Rules adopted after the passage of Initiative 122 in 2015 bar contributions from contractors who made more than $250,000 from city contracts over the last two years; according to the city’s contractor list, Cedar River Group made $399,757 from city contractors between 2016 and 2018. However, the Seattle Ethics and Elections Commission last year dismissed a similar case involving contributions from Paul Allen, who owns a large stake in City Investors (the real estate arm of Allen’s Vulcan Inc.) , concluding that restricting Allen’s ability to donate to local candidates would violate his right to free speech. The “rationale,” according to SEEC director Wayne Barnett, was that “giving a campaign contribution is protected speech under the First Amendment.”  I asked Barnett if that finding might also mean that (under Citizens United, the Supreme Court ruling that unleashed unlimited political spending by corporations) that the contractor contribution restrictions themselves were unconstitutional. Barnett said that was an interesting legal question but that it hasn’t been tested (yet).

 

More Delay for 35th Ave. NE Bike Lane as City Hires Mediator to Facilitate “Conversation” Between Pro- and Anti-Bike Lane Groups

The C is for Crank has learned that the city has hired a mediator, at an estimated cost of nearly $14,000, to facilitate a series of “conversations” to “explore areas of concern” between opponents and proponents of a bike lane on 35th Ave.
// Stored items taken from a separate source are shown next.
theorem theorem1:
  fixes \<nu> \<delta> t0 :: real and xE xP :: "real \<Rightarrow> real^2"
  assumes nu_pos: "0 < \<nu>" and nu_lt1: "\<nu> < 1"
    and delta_pos: "0 < \<delta>"
    and init_distinct: "xE t0 \<noteq> xP t0"
    and evader: "\<nu>-lipschitz_on {t0..} xE"
    and pursuer: "\<And>t. t0 \<le> t \<Longrightarrow> (\<forall>s\<in>{t0..t}. xP s \<noteq> xE s) \<Longrightarrow>
        (xP has_vector_derivative pursuer_v \<nu> \<delta> (xE t0) (xP t0) (xE t) (xP t)) (at t within {t0..})"
  shows "\<exists>tc. t0 < tc
     \<and> tc \<le> t0 + 2 * (1 + 1 / \<nu>) * C_radius \<nu> \<delta> (xE t0) (xP t0)
              * ln (C_radius \<nu> \<delta> (xE t0) (xP t0) / \<delta>)
     \<and> xP tc = xE tc
     \<and> (\<forall>t\<in>{t0..<tc}. xP t \<noteq> xE t \<and> pursuer_z \<nu> \<delta> (xE t0) (xP t0) (xE t) (xP t) \<noteq> 0)
     \<and> (\<forall>t\<in>{t0<..<tc}. cball (apo_center \<nu> (xE t) (xP t)) (apo_radius \<nu> (xE t) (xP t))
            \<subseteq> interior (cball (C_center \<nu> (xE t0) (xP t0)) (C_radius \<nu> \<delta> (xE t0) (xP t0))))"
proof -
  interpret apollonius_pursuit \<nu> \<delta> t0 xE xP
    by unfold_locales (fact assms)+
  have "\<exists>tc\<in>{t0<..capture_deadline}. xP tc = xE tc \<and> (\<forall>s\<in>{t0..<tc}. xP s \<noteq> xE s)"
  proof (rule first_hitting_time)
    show "\<exists>s\<in>{t0..capture_deadline}. xP s = xE s"
      using captured_before_deadline by (auto simp: uncaptured_def)
    show "\<forall>\<^sub>F s in at_right t. xP s \<noteq> xE s" if "t \<in> {t0..<capture_deadline}" "\<forall>s\<in>{t0..t}. xP s \<noteq> xE s" for t
      using uncaptured_right_open that by (simp add: uncaptured_def)
  qed (use init_distinct in auto)
  then obtain tc where tc: "tc \<in> {t0<..capture_deadline}" "xP tc = xE tc"
    and before: "\<forall>s\<in>{t0..<tc}. xP s \<noteq> xE s" by blast
  have invariant: "gap_bound t \<le> gap t \<and> 0 < margin t \<and> xE t \<noteq> xP t" if "t \<in> {t0..<tc}" for t
  proof -
    have "uncaptured t" using before that by (auto simp: uncaptured_def)
    then show ?thesis using gap_invariant uncaptured_distinct that by auto
  qed
  have "\<forall>t\<in>{t0..<tc}. xP t \<noteq> xE t \<and> pursuer_z \<nu> \<delta> (xE t0) (xP t0) (xE t) (xP t) \<noteq> 0"
    using invariant pursuer_z_nonzero by (metis (no_types))
  moreover have "\<forall>t\<in>{t0<..<tc}. cball (apo_center \<nu> (xE t) (xP t)) (apo_radius \<nu> (xE t) (xP t))
      \<subseteq> interior (cball xC RC)"
    using invariant apollonius_disc_subset by simp
  ultimately show ?thesis
    using tc unfolding capture_deadline_def by (intro exI[of _ tc]) simp
qed

end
Northeast, which has been a part of the city’s bike master plan for years but is at risk of being derailed by neighborhood activists who say it will harm businesses in Northeast Seattle. A spokeswoman for Mayor Jenny Durkan’s office says that she and city council member Rob Johnson decided to add this extra step to the process because “more than 3,400 people have contacted the Mayor’s Office regarding this project.” The goal, the spokeswoman says, is to “bring people together to facilitate conversations and work toward finding common ground.”

At the mediation sessions, which began earlier this month, representatives from each side of the bike lane issue will sit down separately with representatives from the mayor’s office, the Seattle Department of Transportation, and John Howell, a facilitator from the Cedar River Group, “to discuss their interests and concerns about the project in hopes of finding areas of common agreement as the project construction proceeds,” according to a mediation outline obtained by The C Is for Crank. The outline continues: “There are different perspectives in the community about the potential impacts from the project (mostly regarding the bike lanes). The Mayor’s office has agreed to convene parties representing those different perspectives.

The debate over the proposed protected bike lane, which would run along 35th Ave NE from Ravenna to Wedgwood, has been going on, unresolved, for years. Recently, though, the rhetoric from bike lane opponents has escalated dramatically to include allegations that those advocating for the bike lane are classist, racist, ageist, and ableist. At the same time, bike lane proponents have reported being publicly and privately threatened, and vandals have repeatedly damaged equipment used to measure speed and traffic volumes along the street. Just last month, someone planted fireworks in construction equipment that was being used to repave the roadway, prompting a response from the city’s bomb and arson squad. (Save 35th Ave. NE, the group opposing the bike lane, has disavowed and denounced the attack.)

The city’s official Bike Master Plan has promised a separated bike lane on 35th since it was last updated in 2014, and the project was supposed to be completed this year. The latest progress report on the bike plan, which SDOT is presenting to the city council’s transportation committee this afternoon, notes that the project will now be delayed until 2019, so that the city can participate in “an ongoing dialogue with the communities impacted by these projects.”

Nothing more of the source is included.